+++ Data in this exercise

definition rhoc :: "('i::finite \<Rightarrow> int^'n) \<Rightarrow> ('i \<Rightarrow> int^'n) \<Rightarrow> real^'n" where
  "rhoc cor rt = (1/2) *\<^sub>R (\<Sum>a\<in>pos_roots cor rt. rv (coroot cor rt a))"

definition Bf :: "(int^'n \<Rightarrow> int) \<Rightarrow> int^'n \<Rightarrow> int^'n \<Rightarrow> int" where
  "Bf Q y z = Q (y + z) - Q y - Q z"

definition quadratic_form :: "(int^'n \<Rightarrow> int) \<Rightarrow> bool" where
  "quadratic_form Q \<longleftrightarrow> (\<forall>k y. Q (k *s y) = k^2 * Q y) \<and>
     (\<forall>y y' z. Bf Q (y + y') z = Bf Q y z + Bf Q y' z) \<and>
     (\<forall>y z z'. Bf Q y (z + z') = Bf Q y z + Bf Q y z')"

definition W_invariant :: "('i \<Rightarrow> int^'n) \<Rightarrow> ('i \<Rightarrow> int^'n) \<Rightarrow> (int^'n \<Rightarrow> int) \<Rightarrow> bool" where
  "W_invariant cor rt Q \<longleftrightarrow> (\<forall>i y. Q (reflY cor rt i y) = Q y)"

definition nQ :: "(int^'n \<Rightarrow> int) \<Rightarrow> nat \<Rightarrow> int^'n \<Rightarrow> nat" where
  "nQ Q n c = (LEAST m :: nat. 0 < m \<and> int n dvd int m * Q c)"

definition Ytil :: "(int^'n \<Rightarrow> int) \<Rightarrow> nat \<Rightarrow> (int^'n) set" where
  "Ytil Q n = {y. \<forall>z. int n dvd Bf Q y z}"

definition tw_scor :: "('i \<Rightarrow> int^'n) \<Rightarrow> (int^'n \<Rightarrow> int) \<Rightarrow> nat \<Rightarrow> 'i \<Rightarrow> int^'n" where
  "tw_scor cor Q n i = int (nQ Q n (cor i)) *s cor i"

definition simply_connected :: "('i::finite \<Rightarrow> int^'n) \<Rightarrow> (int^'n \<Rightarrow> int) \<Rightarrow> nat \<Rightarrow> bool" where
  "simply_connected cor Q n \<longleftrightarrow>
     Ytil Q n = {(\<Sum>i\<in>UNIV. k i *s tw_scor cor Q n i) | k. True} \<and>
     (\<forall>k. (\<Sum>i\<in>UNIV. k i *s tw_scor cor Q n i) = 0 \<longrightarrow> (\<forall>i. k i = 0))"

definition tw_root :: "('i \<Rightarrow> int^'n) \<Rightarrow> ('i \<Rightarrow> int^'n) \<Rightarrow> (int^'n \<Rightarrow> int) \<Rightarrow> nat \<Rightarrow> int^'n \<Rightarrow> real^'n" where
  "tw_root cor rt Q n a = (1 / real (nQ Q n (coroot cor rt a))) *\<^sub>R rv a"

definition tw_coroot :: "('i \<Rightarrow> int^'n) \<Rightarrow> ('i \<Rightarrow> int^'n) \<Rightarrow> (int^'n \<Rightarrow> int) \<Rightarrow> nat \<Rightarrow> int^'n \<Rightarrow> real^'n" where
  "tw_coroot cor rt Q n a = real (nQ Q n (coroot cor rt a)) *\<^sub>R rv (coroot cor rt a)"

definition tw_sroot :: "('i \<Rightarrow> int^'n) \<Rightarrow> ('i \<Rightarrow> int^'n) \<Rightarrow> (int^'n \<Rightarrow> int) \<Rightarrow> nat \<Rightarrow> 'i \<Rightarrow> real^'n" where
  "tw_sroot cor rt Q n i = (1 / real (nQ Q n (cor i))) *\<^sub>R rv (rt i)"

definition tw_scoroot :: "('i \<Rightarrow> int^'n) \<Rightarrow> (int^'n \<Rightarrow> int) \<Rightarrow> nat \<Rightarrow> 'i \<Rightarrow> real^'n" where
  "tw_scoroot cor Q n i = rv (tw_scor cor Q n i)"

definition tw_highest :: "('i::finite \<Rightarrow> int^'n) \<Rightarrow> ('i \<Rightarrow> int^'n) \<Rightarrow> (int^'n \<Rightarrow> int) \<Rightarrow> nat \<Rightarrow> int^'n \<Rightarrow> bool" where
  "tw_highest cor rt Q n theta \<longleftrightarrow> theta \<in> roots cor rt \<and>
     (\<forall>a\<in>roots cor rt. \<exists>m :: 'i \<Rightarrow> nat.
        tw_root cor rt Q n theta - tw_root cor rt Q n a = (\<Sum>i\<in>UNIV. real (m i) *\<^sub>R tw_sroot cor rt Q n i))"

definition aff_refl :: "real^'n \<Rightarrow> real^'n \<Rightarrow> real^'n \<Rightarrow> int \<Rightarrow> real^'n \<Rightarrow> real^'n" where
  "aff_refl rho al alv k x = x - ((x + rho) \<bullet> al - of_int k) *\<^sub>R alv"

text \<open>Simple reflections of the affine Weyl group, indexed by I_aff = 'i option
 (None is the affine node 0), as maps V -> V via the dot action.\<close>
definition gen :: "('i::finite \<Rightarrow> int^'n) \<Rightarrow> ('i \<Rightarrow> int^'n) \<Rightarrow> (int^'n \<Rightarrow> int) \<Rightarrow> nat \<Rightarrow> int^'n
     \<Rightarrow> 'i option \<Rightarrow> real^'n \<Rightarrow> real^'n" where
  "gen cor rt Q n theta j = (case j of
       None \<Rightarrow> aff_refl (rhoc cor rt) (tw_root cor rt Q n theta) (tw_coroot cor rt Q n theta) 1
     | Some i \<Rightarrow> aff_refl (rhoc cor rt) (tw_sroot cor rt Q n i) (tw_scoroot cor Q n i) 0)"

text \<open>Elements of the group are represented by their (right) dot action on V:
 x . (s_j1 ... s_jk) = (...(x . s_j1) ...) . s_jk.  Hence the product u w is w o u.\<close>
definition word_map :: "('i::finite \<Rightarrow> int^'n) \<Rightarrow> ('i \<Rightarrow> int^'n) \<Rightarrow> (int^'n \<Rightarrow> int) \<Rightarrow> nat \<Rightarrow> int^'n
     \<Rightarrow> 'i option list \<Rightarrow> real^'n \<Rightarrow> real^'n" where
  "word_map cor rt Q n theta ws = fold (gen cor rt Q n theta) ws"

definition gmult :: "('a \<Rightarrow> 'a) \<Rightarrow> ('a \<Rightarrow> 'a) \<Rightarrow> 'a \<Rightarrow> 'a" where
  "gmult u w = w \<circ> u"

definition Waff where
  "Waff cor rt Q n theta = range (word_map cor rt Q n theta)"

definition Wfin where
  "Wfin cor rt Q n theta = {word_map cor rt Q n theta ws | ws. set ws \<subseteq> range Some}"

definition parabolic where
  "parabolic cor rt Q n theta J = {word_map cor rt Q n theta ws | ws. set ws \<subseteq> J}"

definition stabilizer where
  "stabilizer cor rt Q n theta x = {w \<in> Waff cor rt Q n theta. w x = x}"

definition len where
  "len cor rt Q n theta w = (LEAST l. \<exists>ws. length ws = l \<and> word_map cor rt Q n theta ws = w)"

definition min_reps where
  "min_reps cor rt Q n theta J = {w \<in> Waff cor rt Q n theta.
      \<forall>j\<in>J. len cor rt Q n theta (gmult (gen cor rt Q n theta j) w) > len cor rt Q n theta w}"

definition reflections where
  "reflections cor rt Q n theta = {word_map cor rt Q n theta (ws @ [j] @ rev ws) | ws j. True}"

++++++

For this listing, copy out every line that includes the word "affine".

text \<open>Simple reflections of the affine Weyl group, indexed by I_aff = 'i option
 (None is the affine node 0), as maps V -> V via the dot action.\<close>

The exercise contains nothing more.